The algorithm finally returns -1, signifying the value could not be found.
That was the worst case for the binary search algorithm, and yet, it only required 3 full repetitions of the loop, with around 4 operations per loop. Remember the worst case for linear search on a list of 6 numbers? It had to loop through every number, so it required a full 6 repetitions.
That's the beauty of binary search: each loop divides the search space in half, so the algorithm has increasingly less numbers to look through.
This table shows the number of loop repetitions required for various list sizes, in the worst case:
list size# of loop repetitions
63
606
60010
With binary search, a list of 600 items only requires 10 loop repetitions! With linear search, that same list would require 600 loop repetitions.
Here's that table in graph form:
Graph that goes from 0 to 700 on the x axis, labeled n, and from 0 to 40 on the y axis.
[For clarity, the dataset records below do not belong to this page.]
lemma admissible_is_count_seq:
  assumes "1 \<le> n" and e: "e \<in> admissible_seqs n m"
  shows "\<exists>x \<in> pos_points n m. count_seq n m x = e"
proof -
  obtain t where t: "realises m n e t"
    using admissible_realised[OF e] by blast
  define c where "c = (\<Sum>i<n. t i) / real n"
  define x where "x = (\<lambda>i. if i < n then t i - c else 0)"
  have "(\<Sum>i<n. x i) = (\<Sum>i<n. t i) - real n * c"
    unfolding x_def by (simp add: sum_subtractf)
  then have "x \<in> V_A n"
    unfolding V_A_def c_def using assms(1) by (simp add: x_def)
  then have "x \<in> pos_points n m"
    using t unfolding pos_points_def shi_complement_def shi_hyps_def fund_chamber_def
      realises_def x_def by auto
  moreover have "count_seq n m x = e"
  proof
    fix j
    show "count_seq n m x j = e j"
    proof (cases "j < n")
      case True
      have "{p \<in> labels m j. shifted x p < x j} = {p \<in> labels m j. shifted t p < t j}"
        unfolding x_def labels_def shifted_def using True by auto
      then show ?thesis
        using True t unfolding count_seq_def below_count_def realises_def by simp
    next
      case False
      then show ?thesis
        using e unfolding count_seq_def admissible_seqs_def by auto
    qed
  qed
  ultimately show ?thesis by blast
qed

subsection \<open>Positive regions correspond to admissible sequences\<close>

text \<open>A positive region is the region of a positive point; it is sent to the counting
  sequence of any of its points, which does not depend on the choice.\<close>

definition pos_regions :: "nat \<Rightarrow> nat \<Rightarrow> (nat \<Rightarrow> real) set set" where
  "pos_regions n m = {R \<in> shi_regions n m. R \<subseteq> fund_chamber n}"

definition region_seq :: "nat \<Rightarrow> nat \<Rightarrow> (nat \<Rightarrow> real) set \<Rightarrow> nat \<Rightarrow> nat" where
  "region_seq n m R = count_seq n m (SOME x. x \<in> R)"

lemma pos_regions_eq:
  assumes "1 \<le> m"
  shows "pos_regions n m = region_of n m ` pos_points n m"
proof
  show "pos_regions n m \<subseteq> region_of n m ` pos_points n m"
  proof
    fix R assume "R \<in> pos_regions n m"
    then obtain x where "x \<in> shi_complement n m" "R = region_of n m x" "R \<subseteq> fund_chamber n"
      unfolding pos_regions_def shi_regions_def by auto
    moreover have "x \<in> R"
      using calculation(1,2) by simp
    ultimately show "R \<in> region_of n m ` pos_points n m"
      unfolding pos_points_def by blast
  qed
  show "region_of n m ` pos_points n m \<subseteq> pos_regions n m"
    using region_in_pos_points[OF assms]
    unfolding pos_regions_def shi_regions_def pos_points_def by blast
qed

lemma region_seq_region_of:
  assumes "x \<in> pos_points n m"
  shows "region_seq n m (region_of n m x) = count_seq n m x"
proof -
  have "x \<in> region_of n m x"
    using assms unfolding pos_points_def by simp
  then have "(SOME y. y \<in> region_of n m x) \<in> region_of n m x"
    using someI[of "\<lambda>y. y \<in> region_of n m x" x] by blast
  then have "count_seq n m x = count_seq n m (SOME y. y \<in> region_of n m x)"
    by (intro count_seq_same_shifts region_same_shifts[OF assms])
  then show ?thesis
    unfolding region_seq_def by simp
qed

lemma region_seq_image:
  assumes "1 \<le> m"
  shows "region_seq n m ` pos_regions n m = count_seq n m ` pos_points n m"
  unfolding pos_regions_eq[OF assms] image_image
  by (rule image_cong) (simp_all add: region_seq_region_of)

lemma region_seq_bij:
  assumes "1 \<le> m" "1 \<le> n"
  shows "bij_betw (region_seq n m) (pos_regions n m) (admissible_seqs n m)"
  unfolding bij_betw_def
proof
  show "inj_on (region_seq n m) (pos_regions n m)"
  proof (rule inj_onI)
    fix R1 R2 assume "R1 \<in> pos_regions n m" "R2 \<in> pos_regions n m"
      and eq: "region_seq n m R1 = region_seq n m R2"
    then obtain x y where x: "x \<in> pos_points n m" "R1 = region_of n m x"
      and y: "y \<in> pos_points n m" "R2 = region_of n m y"
      unfolding pos_regions_eq[OF assms(1)] by blast
    have "count_seq n m x = count_seq n m y"
      using eq unfolding x(2) y(2) region_seq_region_of[OF x(1)] region_seq_region_of[OF y(1)] .
    then have "same_shifts n m x y"
      by (intro count_seq_determines_shifts pos_points_generic x(1) y(1))
    then have "y \<in> region_of n m x"
      by (intro same_shifts_same_region x(1) y(1))
    then show "R1 = R2"
      unfolding x(2) y(2) by (rule connected_component_eq[symmetric])
  qed
  show "region_seq n m ` pos_regions n m = admissible_seqs n m"
    unfolding region_seq_image[OF assms(1)]
    using count_seq_admissible admissible_is_count_seq[OF assms(2)] by blast
qed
Points are plotted at (6,3), (60, 6), and (600, 10), with lines connecting them.
As you can see, binary search is much more efficient than linear search, especially as the list size grows. Mathematically, we can describe the relationship between list size and operations for binary search as "logarithmic", which is a much slower rate of growth than the linear relationship of linear search.